Iran-based Iraqi Shi'ite scholar Kamal Al-Haydari said in an October 10, 2020 interview on Al-Iraqiya TV (Iraq) that a Muslim can follow the fatwas of an Islamic jurist from a different country only as long as the ruling does not contradict the sovereignty and laws of the country he resides in. He also said that an Islamic jurist who accepts the concept of a modern citizenship-based state is not allowed to issue rulings that would contradict the laws of their adherents' countries.
Kamal Al-Haydari: "A jurist who is engaged in issuing fatwas, not a jurist in a government position... the latter must be elected by the people. Let's assume that he does not want to engage in politics or government, but only wants to issue fatwas to people who ask him. He must define his position before engaging in issuing fatwas.

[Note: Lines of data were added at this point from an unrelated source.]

(* In the linear deterministic diamond network with a disturbing node with gains $n_1,n_2,n_3,n_4,m$, suppose $n_1=n_2$ and $m<n_1$. Then the linear capacity is $C=\min\big(n_1-m,\ \max(n_3,n_4)\big)$.
   Context: The shift matrix $Q$ is the $q\times q$ matrix over $\mathbb{F}_2$ with $Q_{i+1,i}=1$ for $1\le i\le q-1$ and all other entries $0$, where $q=\max(n_1,n_2,n_3,n_4,m)$ and all gains are nonnegative integers. Network: source $S$, relays $A,B$, destination $D$, disturbing node $M$; gains $n_1$ ($S\to A$), $n_2$ ($S\to B$), $n_3$ ($A\to D$), $n_4$ ($B\to D$), $m$ ($M\to A$ and $M\to B$). Each node transmits $x_i\in\mathbb{F}_2^q$ and receives $y_j=\sum_{k:(k,j)\text{ an edge}}Q^{q-n_{(k,j)}}x_k$; relays use linear maps $x_A=G_Ay_A$, $x_B=G_By_B$ with $G_A,G_B$ arbitrary $q\times q$ matrices over $\mathbb{F}_2$. Then $y_D=G_Sx_S+G_Mx_M$ with $G_S=Q^{q-n_3}G_AQ^{q-n_1}+Q^{q-n_4}G_BQ^{q-n_2}$ and $G_M=Q^{q-n_3}G_AQ^{q-m}+Q^{q-n_4}G_BQ^{q-m}$. The rate $R(G_A,G_B)$ is the maximum dimension of a subspace $\mathcal{X}\subseteq\mathbb{F}_2^q$ such that for all $x_S,x_S'\in\mathcal{X}$, $x_M,x_M'\in\mathbb{F}_2^q$, $G_Sx_S+G_Mx_M=G_Sx_S'+G_Mx_M'$ implies $x_S=x_S'$. The linear capacity is $C=\max_{G_A,G_B}R(G_A,G_B)$. *)

theory Defs
  imports Complex_Main "HOL-Library.Z2" "HOL-Library.Function_Algebras"
begin

text \<open>Vectors in F_2^q are modelled as functions nat => bit vanishing outside {..<q};
  q x q matrices over F_2 as functions nat => nat => bit vanishing outside {..<q} x {..<q}.
  Indices are 0-based.\<close>

type_synonym f2vec = "nat \<Rightarrow> bit"
type_synonym f2mat = "nat \<Rightarrow> nat \<Rightarrow> bit"

definition vecs :: "nat \<Rightarrow> f2vec set" where
  "vecs q = {x. \<forall>i. q \<le> i \<longrightarrow> x i = 0}"

definition mats :: "nat \<Rightarrow> f2mat set" where
  "mats q = {A. \<forall>i j. q \<le> i \<or> q \<le> j \<longrightarrow> A i j = 0}"

definition scale2 :: "bit \<Rightarrow> f2vec \<Rightarrow> f2vec" where
  "scale2 c x = (\<lambda>i. c * x i)"

definition mvec :: "nat \<Rightarrow> f2mat \<Rightarrow> f2vec \<Rightarrow> f2vec" where
  "mvec q A x = (\<lambda>i. if i < q then (\<Sum>j<q. A i j * x j) else 0)"

definition mmult :: "nat \<Rightarrow> f2mat \<Rightarrow> f2mat \<Rightarrow> f2mat" where
  "mmult q A B = (\<lambda>i j. if i < q \<and> j < q then (\<Sum>k<q. A i k * B k j) else 0)"

definition madd :: "f2mat \<Rightarrow> f2mat \<Rightarrow> f2mat" where
  "madd A B = (\<lambda>i j. A i j + B i j)"

definition idmat :: "nat \<Rightarrow> f2mat" where
  "idmat q = (\<lambda>i j. if i < q \<and> j < q \<and> i = j then 1 else 0)"

fun mpow :: "nat \<Rightarrow> f2mat \<Rightarrow> nat \<Rightarrow> f2mat" where
  "mpow q A 0 = idmat q"
| "mpow q A (Suc k) = mmult q A (mpow q A k)"

text \<open>Shift matrix: Q_{i+1,i} = 1 (1-based), i.e. entry (j+1, j) = 1 for 0-based j with j+1 < q.\<close>
definition shiftQ :: "nat \<Rightarrow> f2mat" where
  "shiftQ q = (\<lambda>i j. if i < q \<and> j < q \<and> i = Suc j then 1 else 0)"

definition qdim :: "nat \<Rightarrow> nat \<Rightarrow> nat \<Rightarrow> nat \<Rightarrow> nat \<Rightarrow> nat" where
  "qdim n1 n2 n3 n4 m = Max {n1, n2, n3, n4, m}"

definition GS :: "nat \<Rightarrow> nat \<Rightarrow> nat \<Rightarrow> nat \<Rightarrow> nat \<Rightarrow> f2mat \<Rightarrow> f2mat \<Rightarrow> f2mat" where
  "GS n1 n2 n3 n4 m GA GB =
     (let q = qdim n1 n2 n3 n4 m; Q = shiftQ q in
      madd (mmult q (mmult q (mpow q Q (q - n3)) GA) (mpow q Q (q - n1)))
           (mmult q (mmult q (mpow q Q (q - n4)) GB) (mpow q Q (q - n2))))"

definition GM :: "nat \<Rightarrow> nat \<Rightarrow> nat \<Rightarrow> nat \<Rightarrow> nat \<Rightarrow> f2mat \<Rightarrow> f2mat \<Rightarrow> f2mat" where
  "GM n1 n2 n3 n4 m GA GB =
     (let q = qdim n1 n2 n3 n4 m; Q = shiftQ q in
      madd (mmult q (mmult q (mpow q Q (q - n3)) GA) (mpow q Q (q - m)))
           (mmult q (mmult q (mpow q Q (q - n4)) GB) (mpow q Q (q - m))))"

definition good_subspace :: "nat \<Rightarrow> f2mat \<Rightarrow> f2mat \<Rightarrow> f2vec set \<Rightarrow> bool" where
  "good_subspace q Gs Gm X \<longleftrightarrow>
     X \<subseteq> vecs q \<and> Modules.module.subspace scale2 X \<and>
     (\<forall>xs\<in>X. \<forall>xs'\<in>X. \<forall>xm\<in>vecs q. \<forall>xm'\<in>vecs q.
        mvec q Gs xs + mvec q Gm xm = mvec q Gs xs' + mvec q Gm xm' \<longrightarrow> xs = xs')"

definition rate :: "nat \<Rightarrow> nat \<Rightarrow> nat \<Rightarrow> nat \<Rightarrow> nat \<Rightarrow> f2mat \<Rightarrow> f2mat \<Rightarrow> nat" where
  "rate n1 n2 n3 n4 m GA GB =
     (let q = qdim n1 n2 n3 n4 m in
      Max {Vector_Spaces.vector_space.dim scale2 X | X.
             good_subspace q (GS n1 n2 n3 n4 m GA GB) (GM n1 n2 n3 n4 m GA GB) X})"

definition linear_capacity :: "nat \<Rightarrow> nat \<Rightarrow> nat \<Rightarrow> nat \<Rightarrow> nat \<Rightarrow> nat" where
  "linear_capacity n1 n2 n3 n4 m =
     Max {rate n1 n2 n3 n4 m GA GB | GA GB.
            GA \<in> mats (qdim n1 n2 n3 n4 m) \<and> GB \<in> mats (qdim n1 n2 n3 n4 m)}"

end

theory Submission
  imports Defs
begin

text \<open>
  With \<open>n1 = n2\<close> both relays receive the source through the same shift \<open>Q^(q-n1)\<close>,
  while the disturbance \<open>Q^(q-m) x_M\<close> reaches exactly the source coordinates of index at
  least \<open>n1 - m\<close>. A source vector supported there produces the same signal at the
  destination as some disturbance, so a decodable subspace meets such vectors only in \<open>0\<close>:
  its projection to the first \<open>n1 - m\<close> coordinates is injective, giving \<open>dim \<le> n1 - m\<close>.
  The source signal itself must be injective on the subspace and lands in the last
  \<open>max n3 n4\<close> coordinates at the destination, giving the second bound. Conversely, the
  relay with the larger outgoing gain forwards the first \<open>min (n1 - m) (max n3 n4)\<close> clean
  coordinates while the other relay stays silent; the disturbance is then cancelled entirely.
\<close>

text \<open>Keep \<open>bit\<close> addition and multiplication as ring operations instead of xor/and.\<close>
declare add_bit_eq_xor[simp del] mult_bit_eq_and[simp del]

lemma bit_add_self [simp]: "(a::bit) + a = 0"
  by (cases a) auto

lemma f2vec_add_self [simp]: "(x::f2vec) + x = 0"
  by (simp add: fun_eq_iff)

lemma f2vec_add_eq_0_iff: "(x::f2vec) + y = 0 \<longleftrightarrow> x = y"
  by (metis add_left_cancel f2vec_add_self)

lemma f2vec_add_swap:
  fixes a b c d :: f2vec
  assumes "a + b = c + d"
  shows "a + c = b + d"
proof -
  have "a + c = (a + b) + (b + c)" by (metis add.assoc add.left_neutral f2vec_add_self)
  also have "\<dots> = (c + c) + (b + d)" using assms by (simp only: ac_simps)
  also have "\<dots> = b + d" by simp
  finally show ?thesis .
qed

lemma scale2_0 [simp]: "scale2 0 x = 0" and scale2_1 [simp]: "scale2 1 x = x"
  by (simp_all add: scale2_def fun_eq_iff)

interpretation V: vector_space scale2
  by unfold_locales (auto simp: scale2_def fun_eq_iff distrib_left distrib_right)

"Does he accept the concept of a modern citizenship-based state or not? If he accepts this modern concept of the state – a state based upon citizenship and not upon religion – then this jurist is not allowed to issue any fatwa that contradicts the laws of the country of the follower [who asked for the fatwa]."
Host: "He is not allowed?"
Host: "Who is allowed then?"
Al-Haydari: "I believe that [the jurist] is obliged to the laws of the modern state, unless he does not accept [the concept of] the modern state. As I said, he must define his position. If you accept the modern state, which is based on the rule of law, and which has its representatives, a parliament, a prime minister, a president, a judiciary system, and so on and so forth, then you are allowed to follow the religious authority from across the border, as long as his rulings do not contradict your country's sovereignty and laws."